MN Kohl stores to be acquired by competitor: report

MINNEAPOLIS — Department store giant Kohl’s has been offered an acquisition deal by rival JCPenney for a whopping $8.6 billion, according to a New York Post report.

Simon Property and Brookfield Asset Management, which both helped JCPenney emerge from bankruptcy in 2020, reportedly offered $68 per share to acquire the Wisconsin-based retailer.

The JCPenney and Kohl brands will remain separate, a source told The Post, with plans to streamline operations, merge IT systems and cut costs.
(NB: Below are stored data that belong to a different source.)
(* Equip $\mathbb{R}^{1,1}$ with the Minkowski inner product $x\cdot y=-x_0y_0+x_1y_1$, let $O$ be the origin, and for $\theta_1,\theta_2\in\mathbb{R}$ let $P_i=(\sinh\theta_i,\cosh\theta_i)$, $i=1,2$, be points on the branch $x_1>0$ of the hyperbola $-x_0^2+x_1^2=1$. Then the vectors $OP_1$ and $OP_2$ are spacelike and the pseudo-angle $\Theta$ between them satisfies $\cosh^2(\Theta)=\cosh^2(\theta_1-\theta_2)$, i.e. $\Theta=|\theta_1-\theta_2|$. Consequently, for any $\theta_0\in\mathbb{R}$ with $\theta_0\neq\theta_1,\theta_2$ and $P_0=(\sinh\theta_0,\cosh\theta_0)$, $\Theta$ is twice the pseudo-angle between the chords $P_0P_1$ and $P_0P_2$, the latter being $\frac{|\theta_1-\theta_2|}{2}$.
   Context: A vector $x\in\mathbb{R}^{1,1}$ is timelike if $x\cdot x<0$ and spacelike if $x\cdot x>0$. For two vectors $x,y$ that are both timelike or both spacelike, the pseudo-angle $\theta\ge 0$ between them is defined by $\cosh^2(\theta)=\frac{(x\cdot y)^2}{(x\cdot x)(y\cdot y)}$. The pseudo-angle between two chords is the pseudo-angle between their direction vectors. *)

theory Defs
  imports Complex_Main
begin

definition mink :: "real \<times> real \<Rightarrow> real \<times> real \<Rightarrow> real" where
  "mink x y = - fst x * fst y + snd x * snd y"

definition timelike :: "real \<times> real \<Rightarrow> bool" where
  "timelike x \<longleftrightarrow> mink x x < 0"

definition spacelike :: "real \<times> real \<Rightarrow> bool" where
  "spacelike x \<longleftrightarrow> mink x x > 0"

text \<open>The pseudo-angle: the unique theta >= 0 with
  cosh(theta)^2 = (x.y)^2 / ((x.x)(y.y)); meaningful when x, y are both
  timelike or both spacelike.\<close>
definition pseudo_angle :: "real \<times> real \<Rightarrow> real \<times> real \<Rightarrow> real" where
  "pseudo_angle x y = (THE \<theta>. \<theta> \<ge> 0 \<and>
     (cosh \<theta>)\<^sup>2 = (mink x y)\<^sup>2 / (mink x x * mink y y))"

definition hpt :: "real \<Rightarrow> real \<times> real" where
  "hpt \<theta> = (sinh \<theta>, cosh \<theta>)"

definition chord :: "real \<times> real \<Rightarrow> real \<times> real \<Rightarrow> real \<times> real" where
  "chord P Q = (fst Q - fst P, snd Q - snd P)"

end

theory Submission
  imports Defs
begin

text \<open>The points of the hyperbola are parametrised by the rapidity, and the Minkowski product
  of the points with rapidities a and b is cosh (a - b), whence their pseudo-angle is |a - b|.
  By the half-argument formulas, the chord from rapidity a to rapidity b is the nonzero
  multiple 2 sinh ((b - a) / 2) of the timelike unit vector of rapidity (a + b) / 2. Two chords
  from the same point a to b and c are therefore timelike, and their pseudo-angle is the
  difference of the midpoint rapidities, |b - c| / 2: an inscribed angle theorem.\<close>

lemma pseudo_angle_eqI:
  assumes "(mink x y)\<^sup>2 / (mink x x * mink y y) = (cosh t)\<^sup>2"
  shows "pseudo_angle x y = \<bar>t\<bar>"
  unfolding pseudo_angle_def
proof (rule the_equality)
  show "0 \<le> \<bar>t\<bar> \<and> (cosh \<bar>t\<bar>)\<^sup>2 = (mink x y)\<^sup>2 / (mink x x * mink y y)"
    using assms by simp
next
  fix \<theta> assume \<theta>: "0 \<le> \<theta> \<and> (cosh \<theta>)\<^sup>2 = (mink x y)\<^sup>2 / (mink x x * mink y y)"
  with assms have "(cosh \<theta>)\<^sup>2 = (cosh t)\<^sup>2" by simp
  then have "cosh \<theta> = cosh t" by (simp add: power2_eq_iff_nonneg)
  with \<theta> show "\<theta> = \<bar>t\<bar>" by simp
qed

lemma mink_hpt: "mink (hpt a) (hpt b) = cosh (a - b)"
  unfolding mink_def hpt_def by (simp add: cosh_diff)

lemma spacelike_hpt: "spacelike (hpt a)"
  unfolding spacelike_def mink_hpt by simp

lemma pseudo_angle_hpt: "pseudo_angle (hpt a) (hpt b) = \<bar>a - b\<bar>"
  by (rule pseudo_angle_eqI) (simp add: mink_hpt)

lemma mink_scaled_timelike_units:
  "mink (s * cosh m, s * sinh m) (r * cosh n, r * sinh n) = - s * r * cosh (m - n)"
  unfolding mink_def by (simp add: cosh_diff algebra_simps)

lemma timelike_scaled_timelike_unit:
  assumes "s \<noteq> 0"
  shows "timelike (s * cosh m, s * sinh m)"
  unfolding timelike_def mink_scaled_timelike_units using assms by (auto simp: zero_less_mult_iff)

lemma pseudo_angle_scaled_timelike_units:
  assumes "s \<noteq> 0" and "r \<noteq> 0"
  shows "pseudo_angle (s * cosh m, s * sinh m) (r * cosh n, r * sinh n) = \<bar>m - n\<bar>"
  by (rule pseudo_angle_eqI)
    (use assms in \<open>simp add: mink_scaled_timelike_units field_simps power2_eq_square\<close>)

lemma chord_hpt:
  "chord (hpt a) (hpt b) =
     (2 * sinh ((b - a) / 2) * cosh ((a + b) / 2), 2 * sinh ((b - a) / 2) * sinh ((a + b) / 2))"
proof -
  define m d where "m = (a + b) / 2" and "d = (b - a) / 2"
  have a: "a = m - d" and b: "b = m + d" unfolding m_def d_def by (simp_all add: field_simps)
  show ?thesis
    unfolding chord_def hpt_def
    by (simp add: a b sinh_add sinh_diff cosh_add cosh_diff m_def [symmetric] d_def [symmetric]
        algebra_simps)
qed

lemma timelike_chord_hpt:
  assumes "a \<noteq> b"
  shows "timelike (chord (hpt a) (hpt b))"
  unfolding chord_hpt by (rule timelike_scaled_timelike_unit) (use assms in simp)

lemma pseudo_angle_chords_hpt:
  assumes "a \<noteq> b" and "a \<noteq> c"
  shows "pseudo_angle (chord (hpt a) (hpt b)) (chord (hpt a) (hpt c)) = \<bar>b - c\<bar> / 2"
proof -
  have "pseudo_angle (chord (hpt a) (hpt b)) (chord (hpt a) (hpt c))
      = \<bar>(a + b) / 2 - (a + c) / 2\<bar>"
    unfolding chord_hpt by (rule pseudo_angle_scaled_timelike_units) (use assms in simp_all)
  also have "\<dots> = \<bar>b - c\<bar> / 2" by (simp add: abs_divide flip: diff_divide_distrib)
  finally show ?thesis .
qed

theorem mainTheorem2:
  fixes \<theta>1 \<theta>2 :: real
  defines "P1 \<equiv> hpt \<theta>1" and "P2 \<equiv> hpt \<theta>2"
  shows "spacelike P1 \<and> spacelike P2
    \<and> (cosh (pseudo_angle P1 P2))\<^sup>2 = (cosh (\<theta>1 - \<theta>2))\<^sup>2
    \<and> pseudo_angle P1 P2 = \<bar>\<theta>1 - \<theta>2\<bar>
    \<and> (\<forall>\<theta>0::real. \<theta>0 \<noteq> \<theta>1 \<and> \<theta>0 \<noteq> \<theta>2 \<longrightarrow>
         ((timelike (chord (hpt \<theta>0) P1) \<and> timelike (chord (hpt \<theta>0) P2)) \<or>
          (spacelike (chord (hpt \<theta>0) P1) \<and> spacelike (chord (hpt \<theta>0) P2)))
         \<and> pseudo_angle (chord (hpt \<theta>0) P1) (chord (hpt \<theta>0) P2) = \<bar>\<theta>1 - \<theta>2\<bar> / 2
         \<and> pseudo_angle P1 P2 = 2 * pseudo_angle (chord (hpt \<theta>0) P1) (chord (hpt \<theta>0) P2))"
  unfolding P1_def P2_def
  by (simp add: spacelike_hpt pseudo_angle_hpt timelike_chord_hpt pseudo_angle_chords_hpt)

end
All private clothing should be made by the same brand, depending on the outlet.

The bidders aim to reduce costs by $1 billion over the next three years, according to the report.

If completed, the sale would negate plans to integrate more Sephora locations into Kohl stores. It’s not immediately clear what the fate of existing Sephora counters in Minnesota will be.

The partnership with the beauty brand, which aimed to “attract new, younger customers” to Kohl’s department stores, began in 2020, with the two companies planning to open 12 more Garden State beauty counters this year. 850 Sephora stores inside Kohl stores are expected to open by 2023.

Other interested bidders have included Saks Fifth Avenue parent company Hudson’s Bay, as well as private equity firms Sycamore Partners and Leonard Green & Partners, according to the New York Post.

Goldman Sachs was reportedly introduced to facilitate the potential sale process, according to the report.

There are 28 Kohl locations in Minnesota, compared to about a dozen JCPenney stores in the state.